Stored data
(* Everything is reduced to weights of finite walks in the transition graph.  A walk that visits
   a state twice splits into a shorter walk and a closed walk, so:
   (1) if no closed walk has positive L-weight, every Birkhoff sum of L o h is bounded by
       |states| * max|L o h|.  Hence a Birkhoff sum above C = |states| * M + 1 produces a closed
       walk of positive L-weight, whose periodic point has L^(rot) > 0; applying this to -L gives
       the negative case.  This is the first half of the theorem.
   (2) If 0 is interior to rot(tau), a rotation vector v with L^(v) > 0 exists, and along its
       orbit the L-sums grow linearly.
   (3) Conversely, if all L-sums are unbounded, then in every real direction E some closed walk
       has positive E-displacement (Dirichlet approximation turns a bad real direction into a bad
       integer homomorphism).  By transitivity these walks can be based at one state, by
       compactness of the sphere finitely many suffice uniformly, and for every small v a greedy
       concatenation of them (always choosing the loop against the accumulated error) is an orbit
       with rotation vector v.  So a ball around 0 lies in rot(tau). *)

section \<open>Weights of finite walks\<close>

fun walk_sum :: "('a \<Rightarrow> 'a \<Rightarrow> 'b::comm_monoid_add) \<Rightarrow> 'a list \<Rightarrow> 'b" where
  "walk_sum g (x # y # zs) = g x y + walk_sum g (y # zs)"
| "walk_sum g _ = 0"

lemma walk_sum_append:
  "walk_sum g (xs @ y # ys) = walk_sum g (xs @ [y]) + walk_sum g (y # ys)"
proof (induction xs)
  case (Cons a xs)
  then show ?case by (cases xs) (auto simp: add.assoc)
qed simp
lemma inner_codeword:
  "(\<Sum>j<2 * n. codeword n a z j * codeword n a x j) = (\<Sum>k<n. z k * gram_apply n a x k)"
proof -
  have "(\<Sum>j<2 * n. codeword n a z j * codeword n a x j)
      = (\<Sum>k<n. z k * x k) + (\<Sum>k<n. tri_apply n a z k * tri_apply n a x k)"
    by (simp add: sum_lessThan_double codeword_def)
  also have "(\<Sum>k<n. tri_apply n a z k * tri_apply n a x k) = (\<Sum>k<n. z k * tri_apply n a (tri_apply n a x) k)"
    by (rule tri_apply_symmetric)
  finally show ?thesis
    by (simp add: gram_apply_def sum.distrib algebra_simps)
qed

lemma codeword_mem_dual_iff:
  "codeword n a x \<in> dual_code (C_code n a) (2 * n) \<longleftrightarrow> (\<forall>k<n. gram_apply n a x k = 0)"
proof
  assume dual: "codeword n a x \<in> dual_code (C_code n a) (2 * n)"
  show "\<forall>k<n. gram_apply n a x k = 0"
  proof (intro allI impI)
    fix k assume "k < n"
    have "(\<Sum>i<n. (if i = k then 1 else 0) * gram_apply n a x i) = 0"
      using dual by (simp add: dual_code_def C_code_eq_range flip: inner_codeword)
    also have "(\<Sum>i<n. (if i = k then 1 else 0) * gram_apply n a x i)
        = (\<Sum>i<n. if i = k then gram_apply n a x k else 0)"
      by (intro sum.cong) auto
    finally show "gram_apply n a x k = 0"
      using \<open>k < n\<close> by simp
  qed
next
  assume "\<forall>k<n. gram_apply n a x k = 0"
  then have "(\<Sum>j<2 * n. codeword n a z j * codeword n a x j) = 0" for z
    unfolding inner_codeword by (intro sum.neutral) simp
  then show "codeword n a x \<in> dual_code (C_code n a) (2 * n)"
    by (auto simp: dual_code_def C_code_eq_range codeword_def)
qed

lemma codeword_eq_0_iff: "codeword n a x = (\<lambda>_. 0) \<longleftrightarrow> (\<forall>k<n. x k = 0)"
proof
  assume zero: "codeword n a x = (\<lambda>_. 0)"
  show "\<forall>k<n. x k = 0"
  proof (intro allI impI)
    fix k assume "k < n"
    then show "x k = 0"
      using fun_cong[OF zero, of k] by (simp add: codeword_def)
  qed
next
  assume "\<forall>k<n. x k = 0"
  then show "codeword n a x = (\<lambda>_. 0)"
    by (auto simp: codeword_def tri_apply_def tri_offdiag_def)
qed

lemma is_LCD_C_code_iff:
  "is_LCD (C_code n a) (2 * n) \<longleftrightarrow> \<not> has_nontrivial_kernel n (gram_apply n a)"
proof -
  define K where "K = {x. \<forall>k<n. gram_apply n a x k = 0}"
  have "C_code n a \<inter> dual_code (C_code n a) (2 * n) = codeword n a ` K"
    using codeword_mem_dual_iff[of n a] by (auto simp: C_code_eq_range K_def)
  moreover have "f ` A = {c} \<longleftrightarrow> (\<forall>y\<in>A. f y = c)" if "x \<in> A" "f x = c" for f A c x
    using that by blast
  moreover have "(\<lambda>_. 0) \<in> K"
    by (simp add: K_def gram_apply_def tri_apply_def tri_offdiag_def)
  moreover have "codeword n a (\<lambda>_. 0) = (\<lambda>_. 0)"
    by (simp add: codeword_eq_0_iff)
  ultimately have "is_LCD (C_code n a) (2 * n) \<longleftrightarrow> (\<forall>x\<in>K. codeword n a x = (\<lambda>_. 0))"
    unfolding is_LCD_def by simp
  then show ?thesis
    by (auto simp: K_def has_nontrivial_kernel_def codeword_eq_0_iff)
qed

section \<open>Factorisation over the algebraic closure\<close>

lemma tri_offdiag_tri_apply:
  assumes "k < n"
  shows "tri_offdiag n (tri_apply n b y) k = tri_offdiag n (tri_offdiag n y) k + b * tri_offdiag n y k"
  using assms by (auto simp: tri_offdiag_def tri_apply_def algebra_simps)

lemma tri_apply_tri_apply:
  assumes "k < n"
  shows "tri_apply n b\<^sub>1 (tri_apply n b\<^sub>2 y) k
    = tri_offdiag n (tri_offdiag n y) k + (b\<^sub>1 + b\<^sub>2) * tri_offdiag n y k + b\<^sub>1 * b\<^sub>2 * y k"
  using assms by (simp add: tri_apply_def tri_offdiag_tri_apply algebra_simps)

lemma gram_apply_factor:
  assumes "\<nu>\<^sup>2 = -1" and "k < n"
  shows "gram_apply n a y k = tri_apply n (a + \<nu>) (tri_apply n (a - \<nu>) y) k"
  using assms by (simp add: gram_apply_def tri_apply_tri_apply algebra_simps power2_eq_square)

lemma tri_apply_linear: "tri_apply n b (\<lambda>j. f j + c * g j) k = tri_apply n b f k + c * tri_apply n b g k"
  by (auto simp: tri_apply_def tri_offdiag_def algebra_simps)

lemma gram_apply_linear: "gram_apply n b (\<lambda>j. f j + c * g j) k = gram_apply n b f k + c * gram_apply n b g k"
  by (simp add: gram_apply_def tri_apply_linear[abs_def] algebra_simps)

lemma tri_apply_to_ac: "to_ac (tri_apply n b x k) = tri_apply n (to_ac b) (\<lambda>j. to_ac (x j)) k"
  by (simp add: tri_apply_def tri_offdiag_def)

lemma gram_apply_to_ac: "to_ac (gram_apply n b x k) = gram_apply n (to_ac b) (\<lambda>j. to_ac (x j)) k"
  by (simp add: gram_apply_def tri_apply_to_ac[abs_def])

Task description. Give back all the data exactly as written.

The answer.
(* Everything is reduced to weights of finite walks in the transition graph.  A walk that visits
   a state twice splits into a shorter walk and a closed walk, so:
   (1) if no closed walk has positive L-weight, every Birkhoff sum of L o h is bounded by
       |states| * max|L o h|.  Hence a Birkhoff sum above C = |states| * M + 1 produces a closed
       walk of positive L-weight, whose periodic point has L^(rot) > 0; applying this to -L gives
       the negative case.  This is the first half of the theorem.
   (2) If 0 is interior to rot(tau), a rotation vector v with L^(v) > 0 exists, and along its
       orbit the L-sums grow linearly.
   (3) Conversely, if all L-sums are unbounded, then in every real direction E some closed walk
       has positive E-displacement (Dirichlet approximation turns a bad real direction into a bad
       integer homomorphism).  By transitivity these walks can be based at one state, by
       compactness of the sphere finitely many suffice uniformly, and for every small v a greedy
       concatenation of them (always choosing the loop against the accumulated error) is an orbit
       with rotation vector v.  So a ball around 0 lies in rot(tau). *)

section \<open>Weights of finite walks\<close>

fun walk_sum :: "('a \<Rightarrow> 'a \<Rightarrow> 'b::comm_monoid_add) \<Rightarrow> 'a list \<Rightarrow> 'b" where
  "walk_sum g (x # y # zs) = g x y + walk_sum g (y # zs)"
| "walk_sum g _ = 0"

lemma walk_sum_append:
  "walk_sum g (xs @ y # ys) = walk_sum g (xs @ [y]) + walk_sum g (y # ys)"
proof (induction xs)
  case (Cons a xs)
  then show ?case by (cases xs) (auto simp: add.assoc)
qed simp
lemma inner_codeword:
  "(\<Sum>j<2 * n. codeword n a z j * codeword n a x j) = (\<Sum>k<n. z k * gram_apply n a x k)"
proof -
  have "(\<Sum>j<2 * n. codeword n a z j * codeword n a x j)
      = (\<Sum>k<n. z k * x k) + (\<Sum>k<n. tri_apply n a z k * tri_apply n a x k)"
    by (simp add: sum_lessThan_double codeword_def)
  also have "(\<Sum>k<n. tri_apply n a z k * tri_apply n a x k) = (\<Sum>k<n. z k * tri_apply n a (tri_apply n a x) k)"
    by (rule tri_apply_symmetric)
  finally show ?thesis
    by (simp add: gram_apply_def sum.distrib algebra_simps)
qed

lemma codeword_mem_dual_iff:
  "codeword n a x \<in> dual_code (C_code n a) (2 * n) \<longleftrightarrow> (\<forall>k<n. gram_apply n a x k = 0)"
proof
  assume dual: "codeword n a x \<in> dual_code (C_code n a) (2 * n)"
  show "\<forall>k<n. gram_apply n a x k = 0"
  proof (intro allI impI)
    fix k assume "k < n"
    have "(\<Sum>i<n. (if i = k then 1 else 0) * gram_apply n a x i) = 0"
      using dual by (simp add: dual_code_def C_code_eq_range flip: inner_codeword)
    also have "(\<Sum>i<n. (if i = k then 1 else 0) * gram_apply n a x i)
        = (\<Sum>i<n. if i = k then gram_apply n a x k else 0)"
      by (intro sum.cong) auto
    finally show "gram_apply n a x k = 0"
      using \<open>k < n\<close> by simp
  qed
next
  assume "\<forall>k<n. gram_apply n a x k = 0"
  then have "(\<Sum>j<2 * n. codeword n a z j * codeword n a x j) = 0" for z
    unfolding inner_codeword by (intro sum.neutral) simp
  then show "codeword n a x \<in> dual_code (C_code n a) (2 * n)"
    by (auto simp: dual_code_def C_code_eq_range codeword_def)
qed

lemma codeword_eq_0_iff: "codeword n a x = (\<lambda>_. 0) \<longleftrightarrow> (\<forall>k<n. x k = 0)"
proof
  assume zero: "codeword n a x = (\<lambda>_. 0)"
  show "\<forall>k<n. x k = 0"
  proof (intro allI impI)
    fix k assume "k < n"
    then show "x k = 0"
      using fun_cong[OF zero, of k] by (simp add: codeword_def)
  qed
next
  assume "\<forall>k<n. x k = 0"
  then show "codeword n a x = (\<lambda>_. 0)"
    by (auto simp: codeword_def tri_apply_def tri_offdiag_def)
qed

lemma is_LCD_C_code_iff:
  "is_LCD (C_code n a) (2 * n) \<longleftrightarrow> \<not> has_nontrivial_kernel n (gram_apply n a)"
proof -
  define K where "K = {x. \<forall>k<n. gram_apply n a x k = 0}"
  have "C_code n a \<inter> dual_code (C_code n a) (2 * n) = codeword n a ` K"
    using codeword_mem_dual_iff[of n a] by (auto simp: C_code_eq_range K_def)
  moreover have "f ` A = {c} \<longleftrightarrow> (\<forall>y\<in>A. f y = c)" if "x \<in> A" "f x = c" for f A c x
    using that by blast
  moreover have "(\<lambda>_. 0) \<in> K"
    by (simp add: K_def gram_apply_def tri_apply_def tri_offdiag_def)
  moreover have "codeword n a (\<lambda>_. 0) = (\<lambda>_. 0)"
    by (simp add: codeword_eq_0_iff)
  ultimately have "is_LCD (C_code n a) (2 * n) \<longleftrightarrow> (\<forall>x\<in>K. codeword n a x = (\<lambda>_. 0))"
    unfolding is_LCD_def by simp
  then show ?thesis
    by (auto simp: K_def has_nontrivial_kernel_def codeword_eq_0_iff)
qed

section \<open>Factorisation over the algebraic closure\<close>

lemma tri_offdiag_tri_apply:
  assumes "k < n"
  shows "tri_offdiag n (tri_apply n b y) k = tri_offdiag n (tri_offdiag n y) k + b * tri_offdiag n y k"
  using assms by (auto simp: tri_offdiag_def tri_apply_def algebra_simps)

lemma tri_apply_tri_apply:
  assumes "k < n"
  shows "tri_apply n b\<^sub>1 (tri_apply n b\<^sub>2 y) k
    = tri_offdiag n (tri_offdiag n y) k + (b\<^sub>1 + b\<^sub>2) * tri_offdiag n y k + b\<^sub>1 * b\<^sub>2 * y k"
  using assms by (simp add: tri_apply_def tri_offdiag_tri_apply algebra_simps)

lemma gram_apply_factor:
  assumes "\<nu>\<^sup>2 = -1" and "k < n"
  shows "gram_apply n a y k = tri_apply n (a + \<nu>) (tri_apply n (a - \<nu>) y) k"
  using assms by (simp add: gram_apply_def tri_apply_tri_apply algebra_simps power2_eq_square)

lemma tri_apply_linear: "tri_apply n b (\<lambda>j. f j + c * g j) k = tri_apply n b f k + c * tri_apply n b g k"
  by (auto simp: tri_apply_def tri_offdiag_def algebra_simps)

lemma gram_apply_linear: "gram_apply n b (\<lambda>j. f j + c * g j) k = gram_apply n b f k + c * gram_apply n b g k"
  by (simp add: gram_apply_def tri_apply_linear[abs_def] algebra_simps)

lemma tri_apply_to_ac: "to_ac (tri_apply n b x k) = tri_apply n (to_ac b) (\<lambda>j. to_ac (x j)) k"
  by (simp add: tri_apply_def tri_offdiag_def)

lemma gram_apply_to_ac: "to_ac (gram_apply n b x k) = gram_apply n (to_ac b) (\<lambda>j. to_ac (x j)) k"
  by (simp add: gram_apply_def tri_apply_to_ac[abs_def])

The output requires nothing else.